Not only are Obama’s domestic priorities driving him in the wrong direction with China, perhaps even worse, he seeks the wrong answers from China even on national security issues. US policy on Iran’s and North Korea’s nuclear-weapons programs highlights this anomaly. Both former US president George W. Bush’s and the Obama administrations have allowed China to escape responsibility for stopping Pyongyang’s nuclear program, something it has the unique capacity to do, given the North’s reliance on China for energy, food and other critical resources.
Although China says it opposes a nuclear North Korea, it is unwilling to take tough measures because it fears even more the collapse of the Pyongyang regime and the possible reunification of the Korean Peninsula.

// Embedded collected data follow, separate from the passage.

lemma Supp_tensor_if_Supp_type_vimage:
  assumes M: "module sc" and afg: "afg_witness sc g scB" and f: "is_ring_hom f"
    and gd: "going_down f" and Q: "is_prime_ideal Q" and supp: "f -` Q \<in> Supp_type sc"
  shows "Q \<in> Supp_tensor f sc"
proof -
  obtain F where g: "is_ring_hom g" and MB: "module scB"
    and F: "finite F" "module.span scB F = UNIV" and sc: "\<And>r x. sc r x = scB (g r) x"
    using afg unfolding afg_witness_def by blast
  obtain x where x: "\<And>r. r \<notin> f -` Q \<Longrightarrow> scB (g r) x \<noteq> 0"
    using supp Supp_type_iff[OF M] sc by metis
  obtain q where q: "is_prime_ideal q" "g -` q \<subseteq> f -` Q" and ann: "\<And>c. c \<notin> q \<Longrightarrow> scB c x \<noteq> 0"
    using exists_prime_over_annihilator[OF MB g prime_ideal_vimage[OF f Q] x] by blast
  obtain Q' where Q': "is_prime_ideal Q'" "Q' \<subseteq> Q" "f -` Q' = g -` q"
    using gd Q prime_ideal_vimage[OF g q(1)] q(2) unfolding going_down_def spec_map_def by blast
  obtain \<mu> y where \<mu>: "linear_mod q scB (*) UNIV \<mu>" "\<mu> y \<notin> q"
    using module.exists_functional_mod[OF MB q(1) F ann] by blast
  have "t \<in> Q" if "free_sact t (delta (y, 1)) \<in> tens_sub f sc" for t
    using mem_if_delta_in_tens_sub[OF g f q(1) Q'(1) Q'(3) \<mu> sc] that Q'(2) by auto
  then show ?thesis
    unfolding Supp_tensor_iff using Q by (intro conjI bexI[of _ "delta (y, 1)"]) auto
qed

theorem proposition4p4:
  fixes sc :: "'r::comm_ring_1 \<Rightarrow> 'e::ab_group_add \<Rightarrow> 'e"
    and f :: "'r \<Rightarrow> 's::comm_ring_1"
    and g :: "'r \<Rightarrow> 'b::comm_ring_1"
    and scB :: "'b \<Rightarrow> 'e \<Rightarrow> 'e"
  assumes "module sc"
    and "afg_witness sc g scB"
    and "is_ring_hom f"
    and "going_down f"
  shows "{Q. is_prime_ideal Q \<and> spec_map f Q \<in> Supp_type sc} = Supp_tensor f sc"
proof (intro set_eqI iffI)
  fix Q assume "Q \<in> {Q. is_prime_ideal Q \<and> spec_map f Q \<in> Supp_type sc}"
  then show "Q \<in> Supp_tensor f sc"
    using Supp_tensor_if_Supp_type_vimage[OF assms(1-4)] unfolding spec_map_def by blast
next
  fix Q assume "Q \<in> Supp_tensor f sc"
  then show "Q \<in> {Q. is_prime_ideal Q \<and> spec_map f Q \<in> Supp_type sc}"
    using Supp_type_vimage_if_Supp_tensor[OF assms(1,3)] Supp_tensor_iff
    unfolding spec_map_def by blast
qed

end
lemma is_state_depol:
  assumes "is_state d X" "0 \<le> a" "a \<le> 1" "s \<ge> 0" "d > 0"
  shows "is_state d (depol d a s X)"
proof -
  have X: "X \<in> carrier_mat d d" and tr: "mtrace X = 1"
    and q: "Im (quad_form d X v) = 0" "Re (quad_form d X v) \<ge> 0" for v
    using assms(1) unfolding is_state_def psd_iff_quad_form by auto
  have p: "0 \<le> a powr s" "a powr s \<le> 1"
    using assms powr_mono2[of s a 1] by auto
  have "quad_form d (depol d a s X) v = of_real (a powr s) * quad_form d X v
      + of_real ((1 - a powr s) / d * (\<Sum>i<d. (cmod (v i))\<^sup>2))" for v
    using X tr unfolding depol_def by (simp add: quad_form_add quad_form_smult quad_form_one_mat)
  then have "psd d (depol d a s X)"
    using X q p unfolding psd_iff_quad_form depol_def by (simp add: sum_nonneg)
  moreover have "mtrace (depol d a s X) = 1"
    using X tr assms(5) unfolding depol_def
    by (simp add: mtrace_add[of _ d] mtrace_smult[of "1\<^sub>m d" d] mtrace_smult[of X d] mtrace_one_mat)
  ultimately show ?thesis unfolding is_state_def by simp
qed

lemma mdist_nonneg: "mdist d X Y \<ge> 0"
  unfolding mdist_def by (intro sum_nonneg) auto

While eliminating North Korea would end Northeast Asia’s nuclear problem and lead to regional and international stability, China will not act for fear of enhancing the US position in the region.
By contrast, on Iran, we face a regime determined to acquire deliverable nuclear weapons, and undeterred by UN Security Council sanctions resolutions. Nonetheless, the Obama administration proclaims that a fourth set will somehow achieve what the first three have failed to do, despite China’s lack of support. Even if another resolution is adopted, would it have an impact? The near-certain answer is: “No.” Instead of begging China for support, the US should make its own decisions to do what is necessary to prevent what now looks almost inevitable absent an Israeli military strike: Iran with nuclear weapons.
Many people blame China for pursuing its national interests, but Beijing is just doing what comes naturally. The real question is why the US is not doing the same.
John Bolton, a former US ambassador to the UN, is a senior fellow at the American Enterprise Institute in Washington.